A research report from the Public Policy Institute of California has found little evidence that transit-oriented development (TOD) spurs employment growth. Jed Kolko looked at employment trends within a one quarter and one half mile of 204 transit stations developed between 1992 and 2006 to determine whether the investments goosed employment in those areas. In short, Kolko writes
“Looking across the 200-plus transit stations that opened in California from 1992 to 2006, we find that these new stations were located in areas with high residential density and very high employment density. Yet the opening of new stations was not accompanied by an increase in average employment growth in the areas immediately surrounding these stations (relative to comparison areas), either when the stations opened or several years afterward.
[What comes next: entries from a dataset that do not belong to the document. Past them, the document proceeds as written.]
lemma orbit_matrix_cols:
  fixes p q :: nat and A :: "word_pair \<Rightarrow> 'k::field"
  defines "V \<equiv> rec_closure p q A"
  assumes "\<forall>x. x \<notin> Mpq p q \<longrightarrow> A x = 0"
  shows "(\<lambda>U r. orbit_matrix p q A r U) ` Mpq p q = eval_on_orbit p q A ` restr V ` shift_maps p q"
proof -
  have "(\<lambda>U r. orbit_matrix p q A r U) ` Mpq p q
      = (\<lambda>(U1, U2). eval_on_orbit p q A (restr V (rshift U1 U2))) ` Mpq p q"
    using orbit_matrix_col[OF assms(2)] unfolding V_def by (intro image_cong) auto
  also have "\<dots> = eval_on_orbit p q A ` restr V ` shift_maps p q"
    by (auto simp: shift_maps_def)
  finally show ?thesis .
qed

lemma edim_birec_closure_eq_shift_alg:
  fixes A :: "word_pair \<Rightarrow> 'k::field"
  assumes "\<forall>x. x \<notin> Mpq p q \<longrightarrow> A x = 0"
  shows "edim fscale (birec_closure p q A) = edim mscale (shift_alg p q (rec_closure p q A))"
proof -
  interpret E: Vector_Spaces.linear mscale fscale "eval_on_orbit p q A"
    by (rule linear_eval_on_orbit)
  have zero: "orbit_matrix p q A r U = 0"
    if "r \<notin> Mpq p q \<times> Mpq p q \<or> U \<notin> Mpq p q" for r U
    using that by (cases r) (auto simp: orbit_matrix_def hankel_def)
  have "edim fscale (birec_closure p q A)
      = edim fscale (orbit_matrix p q A ` (Mpq p q \<times> Mpq p q))"
    unfolding birec_closure_eq fs.edim_span orbit_matrix_rows[OF assms] ..
  also have "\<dots> = edim fscale ((\<lambda>U r. orbit_matrix p q A r U) ` Mpq p q)"
    using zero by (rule edim_rows_eq_edim_cols)
  also have "\<dots> = edim mscale (restr (rec_closure p q A) ` shift_maps p q)"
    unfolding orbit_matrix_cols[OF assms]
    using inj_on_eval_on_orbit[of p q A] unfolding shift_alg_eq by (rule E.edim_image_eq)
  also have "\<dots> = edim mscale (shift_alg p q (rec_closure p q A))"
    unfolding shift_alg_eq ms.edim_span ..
  finally show ?thesis .
qed

theorem mainTheorem14:
  fixes p q :: nat and A :: "nat list \<times> nat list \<Rightarrow> 'k::field"
  assumes "\<forall>x. x \<notin> Mpq p q \<longrightarrow> A x = 0"
  shows "edim fscale (birec_closure p q A) = edim mscale (shift_alg p q (rec_closure p q A))
       \<and> edim fscale (rec_closure p q A) \<le> edim fscale (birec_closure p q A)
       \<and> edim fscale (birec_closure p q A) \<le> edim fscale (rec_closure p q A) * edim fscale (rec_closure p q A)"
  using edim_birec_closure_eq_shift_alg[OF assms] edim_rec_closure_le_birec_closure
    edim_birec_closure_le_square[OF assms] by blast

end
What’s more, employment around new stations varied widely: Employment growth increased near 18 new stations and decreased near 20, relative to comparison areas, with the largest increases in areas that had higher residential and employment density prior to the station opening. For the rest of the stations, the difference between employment growth around the station and in the comparison areas before and after the station opening was not statistically significant. Employment growth increased most around stations located in higher-density areas.”
Kolko continues that market forces alone won’t spur employment growth around transit stations. Government will need to actively encourage (e.g., subsidize) investment in these areas and probably also discourage (e.g., penalize) investment elsewhere to make TOD’s work economically.